---- Records provided

text \<open>Multilinearity of the determinant in the rows shows that \<open>det (G + s a b\<^sup>T)\<close> is affine
  in \<open>s\<close>, so the \<open>k\<close>-point correlation function \<open>det (K(x\<^sub>i,x\<^sub>j))\<close> is the average of those of
  \<open>L\<^sub>0\<close> and \<open>L\<^sub>1\<close>. Since the fair coin \<open>\<xi>\<close> is independent of \<open>(\<Pi>\<^sub>0, \<Pi>\<^sub>1)\<close>, the \<open>k\<close>-th factorial
  moment measure of \<open>\<Pi>\<close> is the average of those of \<open>\<Pi>\<^sub>0\<close> and \<open>\<Pi>\<^sub>1\<close>, hence has the density
  \<open>det (K(x\<^sub>i,x\<^sub>j))\<close>. The technical point is that \<open>S \<mapsto> \<Sum> \<phi>(x)\<close> over injective \<open>k\<close>-tuples of
  points of \<open>S\<close> is a measurable function of the locally finite configuration \<open>S\<close>; this
  follows by a monotone class argument from the measurability of the counts \<open>#(S \<inter> A)\<close>.\<close>

lemma det_add_rank_one_expand:
  fixes g :: "nat \<Rightarrow> nat \<Rightarrow> complex"
  shows "Determinant.det (mat n n (\<lambda>(i,j). g i j + s * a i * b j)) =
    (\<Sum>f\<in>{f. (\<forall>i\<in>{0..<n}. f i \<in> {0,1}) \<and> (\<forall>i. i \<notin> {0..<n} \<longrightarrow> f i = i)}.
       s ^ card {i\<in>{0..<n}. f i = 1} * ((\<Prod>i\<in>{i\<in>{0..<n}. f i = 1}. a i) *
        Determinant.det (mat\<^sub>r n n (\<lambda>i. if f i = 1 then vec n b else vec n (g i)))))"
proof -
  let ?r = "\<lambda>i k. if k = (1::nat) then vec n (\<lambda>j. s * a i * b j) else vec n (g i)"
  have row_sum: "mat n n (\<lambda>(i,j). g i j + s * a i * b j)
      = mat\<^sub>r n n (\<lambda>i. finsum_vec TYPE(complex) n (?r i) {0,1})"
  proof (rule eq_matI)
    fix i j assume "i < dim_row (mat\<^sub>r n n (\<lambda>i. finsum_vec TYPE(complex) n (?r i) {0,1}))"
      "j < dim_col (mat\<^sub>r n n (\<lambda>i. finsum_vec TYPE(complex) n (?r i) {0,1}))"
    then have ij: "i < n" "j < n" by simp_all
    have "finsum_vec TYPE(complex) n (?r i) {0,1} $ j = (\<Sum>k\<in>{0,1}. ?r i k $ j)"
      by (rule index_finsum_vec) (use ij in auto)
    moreover have "finsum_vec TYPE(complex) n (?r i) {0,1} \<in> carrier_vec n"
      by (rule finsum_vec_closed) auto
    ultimately show "mat n n (\<lambda>(i,j). g i j + s * a i * b j) $$ (i, j)
        = mat\<^sub>r n n (\<lambda>i. finsum_vec TYPE(complex) n (?r i) {0,1}) $$ (i, j)"
      using ij by simp
  qed auto
  have "Determinant.det (mat\<^sub>r n n (\<lambda>i. finsum_vec TYPE(complex) n (?r i) {0,1})) =
     (\<Sum>f\<in>{f. (\<forall>i\<in>{0..<n}. f i \<in> {0,1}) \<and> (\<forall>i. i \<notin> {0..<n} \<longrightarrow> f i = i)}.
        Determinant.det (mat\<^sub>r n n (\<lambda>i. ?r i (f i))))"
    by (rule det_linear_rows_sum) auto
  also have "\<dots> = (\<Sum>f\<in>{f. (\<forall>i\<in>{0..<n}. f i \<in> {0,1}) \<and> (\<forall>i. i \<notin> {0..<n} \<longrightarrow> f i = i)}.
       s ^ card {i\<in>{0..<n}. f i = 1} * ((\<Prod>i\<in>{i\<in>{0..<n}. f i = 1}. a i) *
        Determinant.det (mat\<^sub>r n n (\<lambda>i. if f i = 1 then vec n b else vec n (g i)))))"
  proof (rule sum.cong[OF refl])
    fix f :: "nat \<Rightarrow> nat"
    let ?c = "\<lambda>i. if f i = 1 then s * a i else 1"
    let ?v = "\<lambda>i. if f i = 1 then vec n b else vec n (g i)"
    have "mat\<^sub>r n n (\<lambda>i. ?r i (f i)) = mat\<^sub>r n n (\<lambda>i. ?c i \<cdot>\<^sub>v ?v i)"
      by (rule eq_matI) auto
    then have "Determinant.det (mat\<^sub>r n n (\<lambda>i. ?r i (f i))) = prod ?c {0..<n} * Determinant.det (mat\<^sub>r n n ?v)"
      by (simp add: det_rows_mul)
    also have "prod ?c {0..<n} = (\<Prod>i\<in>{i\<in>{0..<n}. f i = 1}. s * a i)"
      using prod.inter_filter[of "{0..<n}" "\<lambda>i. s * a i" "\<lambda>i. f i = 1"] by simp
    also have "\<dots> = s ^ card {i\<in>{0..<n}. f i = 1} * (\<Prod>i\<in>{i\<in>{0..<n}. f i = 1}. a i)"
      by (simp add: prod.distrib)
    finally show "Determinant.det (mat\<^sub>r n n (\<lambda>i. ?r i (f i))) = s ^ card {i\<in>{0..<n}. f i = 1} *
        ((\<Prod>i\<in>{i\<in>{0..<n}. f i = 1}. a i) * Determinant.det (mat\<^sub>r n n ?v))" by simp
  qed
  finally show ?thesis by (simp only: row_sum)
qed

text \<open>A term of the expansion with two or more rows replaced by \<open>b\<close> vanishes, so
  \<open>det (G + s a b\<^sup>T)\<close> is affine in \<open>s\<close>.\<close>
lemma det_add_rank_one_plus_minus:
  fixes g :: "nat \<Rightarrow> nat \<Rightarrow> complex"
  shows "Determinant.det (mat n n (\<lambda>(i,j). g i j + t * a i * b j)) +
         Determinant.det (mat n n (\<lambda>(i,j). g i j + (-t) * a i * b j)) =
         2 * Determinant.det (mat n n (\<lambda>(i,j). g i j))"
proof -
  have zero: "mat n n (\<lambda>(i,j). g i j) = mat n n (\<lambda>(i,j). g i j + 0 * a i * b j)" by simp
  show ?thesis
    unfolding zero det_add_rank_one_expand sum.distrib[symmetric] sum_distrib_left
  proof (rule sum.cong[OF refl])
    fix f :: "nat \<Rightarrow> nat"
    define R where "R = {i\<in>{0..<n}. f i = 1}"
    define X where "X = (\<Prod>i\<in>R. a i) *
        Determinant.det (mat\<^sub>r n n (\<lambda>i. if f i = 1 then vec n b else vec n (g i)))"
    have "X = 0 \<or> card R \<le> 1"
    proof (rule disjCI)
      assume "\<not> card R \<le> 1"
      then obtain i j where ij: "i \<in> R" "j \<in> R" "i \<noteq> j"
        using card_le_Suc0_iff_eq[of R] by (auto simp: R_def)
      have "Determinant.det (mat\<^sub>r n n (\<lambda>i. if f i = 1 then vec n b else vec n (g i))) = 0"
        by (rule det_identical_rows[of _ n i j]) (use ij in \<open>auto simp: R_def\<close>)
      then show "X = 0" by (simp add: X_def)
    qed
    then have "t ^ card R * X + (- t) ^ card R * X = 2 * (0 ^ card R * X)"
      by (auto simp: le_Suc_eq)
    then show "t ^ card {i\<in>{0..<n}. f i = 1} * ((\<Prod>i\<in>{i\<in>{0..<n}. f i = 1}. a i) *
        Determinant.det (mat\<^sub>r n n (\<lambda>i. if f i = 1 then vec n b else vec n (g i)))) +
      (- t) ^ card {i\<in>{0..<n}. f i = 1} * ((\<Prod>i\<in>{i\<in>{0..<n}. f i = 1}. a i) *
        Determinant.det (mat\<^sub>r n n (\<lambda>i. if f i = 1 then vec n b else vec n (g i)))) =
      2 * (0 ^ card {i\<in>{0..<n}. f i = 1} * ((\<Prod>i\<in>{i\<in>{0..<n}. f i = 1}. a i) *
        Determinant.det (mat\<^sub>r n n (\<lambda>i. if f i = 1 then vec n b else vec n (g i)))))"
      by (simp add: R_def X_def)
  qed
qed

--------

> _Exercise aim_: When a line in the data holds the word "thesis", show that line.

> _Result_:
  finally show ?thesis by (simp only: row_sum)
  show ?thesis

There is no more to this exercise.